Exercise goal
When you reach the line containing "(let n = fst x; m = snd x in" in the entries below, begin reproducing lines exactly, and stop once the line containing "density lborel (\<lambda>x." is done.

--*--

(* Let $\mathcal P$ and $\mathcal Q$ be down-right paths with $\mathcal Q$ above $\mathcal P$. (1) If the initial free energies $(h(\mathbf p_j))_{0\le j\le N}$ are distributed according to the (infinite) measure $\mathrm{wt}^{\mathcal P}(\boldsymbol\lambda_1)d\boldsymbol\lambda_1$ on $\mathbb R^{N+1}$, then $(h(\mathbf q_j))_{0\le j\le N}$ is distributed according to $\mathrm{wt}^{\mathcal Q}(\boldsymbol\lambda_1')d\boldsymbol\lambda_1'$; that is, for every measurable $F:\mathbb R^{N+1}\to[0,\infty]$, $\int_{\mathbb R^{N+1}}\mathbb E\big[F((h(\mathbf q_j))_j)\,\big|\,h(\mathbf p_j)=\lambda_1^{(j)}\ \forall j\big]\mathrm{wt}^{\mathcal P}(\boldsymbol\lambda_1)d\boldsymbol\lambda_1=\int_{\mathbb R^{N+1}}F(\boldsymbol\lambda_1')\mathrm{wt}^{\mathcal Q}(\boldsymbol\lambda_1')d\boldsymbol\lambda_1'$. (2) Assume moreover $u+v>0$. If $\mathbf L_1\in\mathbb R^N$ has density $\mathrm P^{\mathcal P}_{\mathrm{LG}}$ and the polymer is started from $h(\mathbf p_0)=0$, $h(\mathbf p_j)=L_1(j)$, then $(h(\mathbf q_j)-h(\mathbf q_0))_{1\le j\le N}$ has density $\mathrm P^{\mathcal Q}_{\mathrm{LG}}$.
   Context: Fix $N\ge1$ and $\alpha_1,\dots,\alpha_N,u,v\in\mathbb R$ with $\alpha_i+\alpha_j>0$, $\alpha_i+u>0$, $\alpha_i+v>0$; extend $\alpha_{j+kN}=\alpha_j$. Strip $\{(n,m):0\le m\le n\le m+N\}$; independent weights $\varpi_{n,m}\sim\Gamma^{-1}(\alpha_n+\alpha_m)$ for $0\le m<n<m+N$, $\varpi_{m,m}\sim\Gamma^{-1}(\alpha_m+u)$, $\varpi_{m+N,m}\sim\Gamma^{-1}(\alpha_m+v)$ ($\Gamma^{-1}(\theta)$ has density $x^{-\theta-1}e^{-1/x}/\Gamma(\theta)$ on $(0,\infty)$). A down-right path: strip vertices $\mathbf p_0=(m_0,m_0),\dots,\mathbf p_N$ with steps in $\{(1,0),(0,-1)\}$; edge $\mathsf e_j$ ($\mathbf p_{j-1}\to\mathbf p_j$) has label $\ell_j=\alpha_n$ if horizontal $(n-1,m)\to(n,m)$, $\ell_j=\alpha_m$ if vertical between $(n,m-1),(n,m)$. A vertex is above $\mathcal P$ if reachable from $\mathcal P$ by an up-right path in the strip; $\mathcal Q$ (vertices $\mathbf q_j$) is above $\mathcal P$ if all its vertices are on or above $\mathcal P$. Given $z(\mathbf p_j)=e^{h(\mathbf p_j)}$ (independent of the weights), for $(n,m)$ above $\mathcal P$, $z(n,m)=\sum_\pi z(\pi(0))\prod_{i=1}^{\ell}\varpi_{\pi(i)}$ over up-right paths in the strip from $\pi(0)\in\mathcal P$ to $(n,m)$ touching $\mathcal P$ only at $\pi(0)$; $h=\log z$. Two-layer weight: $(\mathrm{up}(j),\mathrm{low}(j))=(j,j-1)$ if $\mathsf e_j$ horizontal, $(j-1,j)$ if vertical; $f_\theta(x)=e^{-\theta x-e^{-x}}$; for $\boldsymbol\lambda=(\boldsymbol\lambda_1,\boldsymbol\lambda_2)$, $\boldsymbol\lambda_i=(\lambda_i^{(0)},\dots,\lambda_i^{(N)})\in\mathbb R^{N+1}$, $\mathrm{wt}^{\mathcal{GP}}(\boldsymbol\lambda)=e^{-u(\lambda_1^{(0)}-\lambda_2^{(0)})-v(\lambda_1^{(N)}-\lambda_2^{(N)})}\prod_{j=1}^N\big[\prod_{i=1}^2f_{\ell_j}(\lambda_i^{(\mathrm{up}(j))}-\lambda_i^{(\mathrm{low}(j))})\big]e^{-e^{-(\lambda_1^{(\mathrm{low}(j))}-\lambda_2^{(\mathrm{up}(j))})}}$, and $\mathrm{wt}^{\mathcal P}(\boldsymbol\lambda_1)=\int_{\mathbb R^{N+1}}\mathrm{wt}^{\mathcal{GP}}(\boldsymbol\lambda_1,\boldsymbol\lambda_2)d\boldsymbol\lambda_2$, invariant under adding a constant to all coordinates of $\boldsymbol\lambda_1$. When $u+v>0$, $Z=\int_{\mathbb R^N}\mathrm{wt}^{\mathcal P}(\boldsymbol\lambda_1)d\lambda_1^{(1)}\cdots d\lambda_1^{(N)}$ (with $\lambda_1^{(0)}$ fixed) is finite, positive and independent of $\mathcal P$ and $\lambda_1^{(0)}$, and $\mathrm P^{\mathcal P}_{\mathrm{LG}}(\mathbf L_1)=\mathrm{wt}^{\mathcal P}(\boldsymbol\lambda_1)/Z$ with $L_1(j)=\lambda_1^{(j)}-\lambda_1^{(0)}$ is a probability density on $\mathbb R^N$. *)

theory Defs
  imports "HOL-Analysis.Analysis" "HOL-Probability.Probability"
begin

definition alpha_ext :: "nat \<Rightarrow> (nat \<Rightarrow> real) \<Rightarrow> nat \<Rightarrow> real" where
  "alpha_ext N \<alpha> j = \<alpha> (if j mod N = 0 then N else j mod N)"

definition strip :: "nat \<Rightarrow> (nat \<times> nat) set" where
  "strip N = {(n, m). m \<le> n \<and> n \<le> m + N}"

definition weight_param :: "nat \<Rightarrow> (nat \<Rightarrow> real) \<Rightarrow> real \<Rightarrow> real \<Rightarrow> nat \<times> nat \<Rightarrow> real" where
  "weight_param N \<alpha> u v x =
     (let n = fst x; m = snd x in
      if n = m then alpha_ext N \<alpha> m + u
      else if n = m + N then alpha_ext N \<alpha> m + v
      else alpha_ext N \<alpha> n + alpha_ext N \<alpha> m)"

definition inv_gamma_density :: "real \<Rightarrow> real \<Rightarrow> real" where
  "inv_gamma_density \<theta> x = (if x > 0 then x powr (-\<theta> - 1) * exp (- 1 / x) / Gamma \<theta> else 0)"

definition inv_gamma :: "real \<Rightarrow> real measure" where
  "inv_gamma \<theta> = density lborel (\<lambda>x. ennreal (inv_gamma_density \<theta> x))"

definition weight_measure :: "nat \<Rightarrow> (nat \<Rightarrow> real) \<Rightarrow> real \<Rightarrow> real \<Rightarrow> ((nat \<times> nat) \<Rightarrow> real) measure" where
  "weight_measure N \<alpha> u v = PiM (strip N) (\<lambda>x. inv_gamma (weight_param N \<alpha> u v x))"

text \<open>Down-right path p_0,...,p_N (values of p beyond N are irrelevant).\<close>
definition down_right_path :: "nat \<Rightarrow> (nat \<Rightarrow> nat \<times> nat) \<Rightarrow> bool" where
  "down_right_path N p \<longleftrightarrow> fst (p 0) = snd (p 0) \<and>
     (\<forall>j\<in>{1..N}. p j = (fst (p (j - 1)) + 1, snd (p (j - 1))) \<or>
                   (snd (p (j - 1)) \<ge> 1 \<and> p j = (fst (p (j - 1)), snd (p (j - 1)) - 1)))"

definition horizontal :: "(nat \<Rightarrow> nat \<times> nat) \<Rightarrow> nat \<Rightarrow> bool" where
  "horizontal p j \<longleftrightarrow> fst (p j) = fst (p (j - 1)) + 1"

definition edge_label :: "nat \<Rightarrow> (nat \<Rightarrow> real) \<Rightarrow> (nat \<Rightarrow> nat \<times> nat) \<Rightarrow> nat \<Rightarrow> real" where
  "edge_label N \<alpha> p j = (if horizontal p j then alpha_ext N \<alpha> (fst (p j)) else alpha_ext N \<alpha> (snd (p (j - 1))))"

--*--

Worked solution
     (let n = fst x; m = snd x in
      if n = m then alpha_ext N \<alpha> m + u
      else if n = m + N then alpha_ext N \<alpha> m + v
      else alpha_ext N \<alpha> n + alpha_ext N \<alpha> m)"

definition inv_gamma_density :: "real \<Rightarrow> real \<Rightarrow> real" where
  "inv_gamma_density \<theta> x = (if x > 0 then x powr (-\<theta> - 1) * exp (- 1 / x) / Gamma \<theta> else 0)"

definition inv_gamma :: "real \<Rightarrow> real measure" where
  "inv_gamma \<theta> = density lborel (\<lambda>x. ennreal (inv_gamma_density \<theta> x))"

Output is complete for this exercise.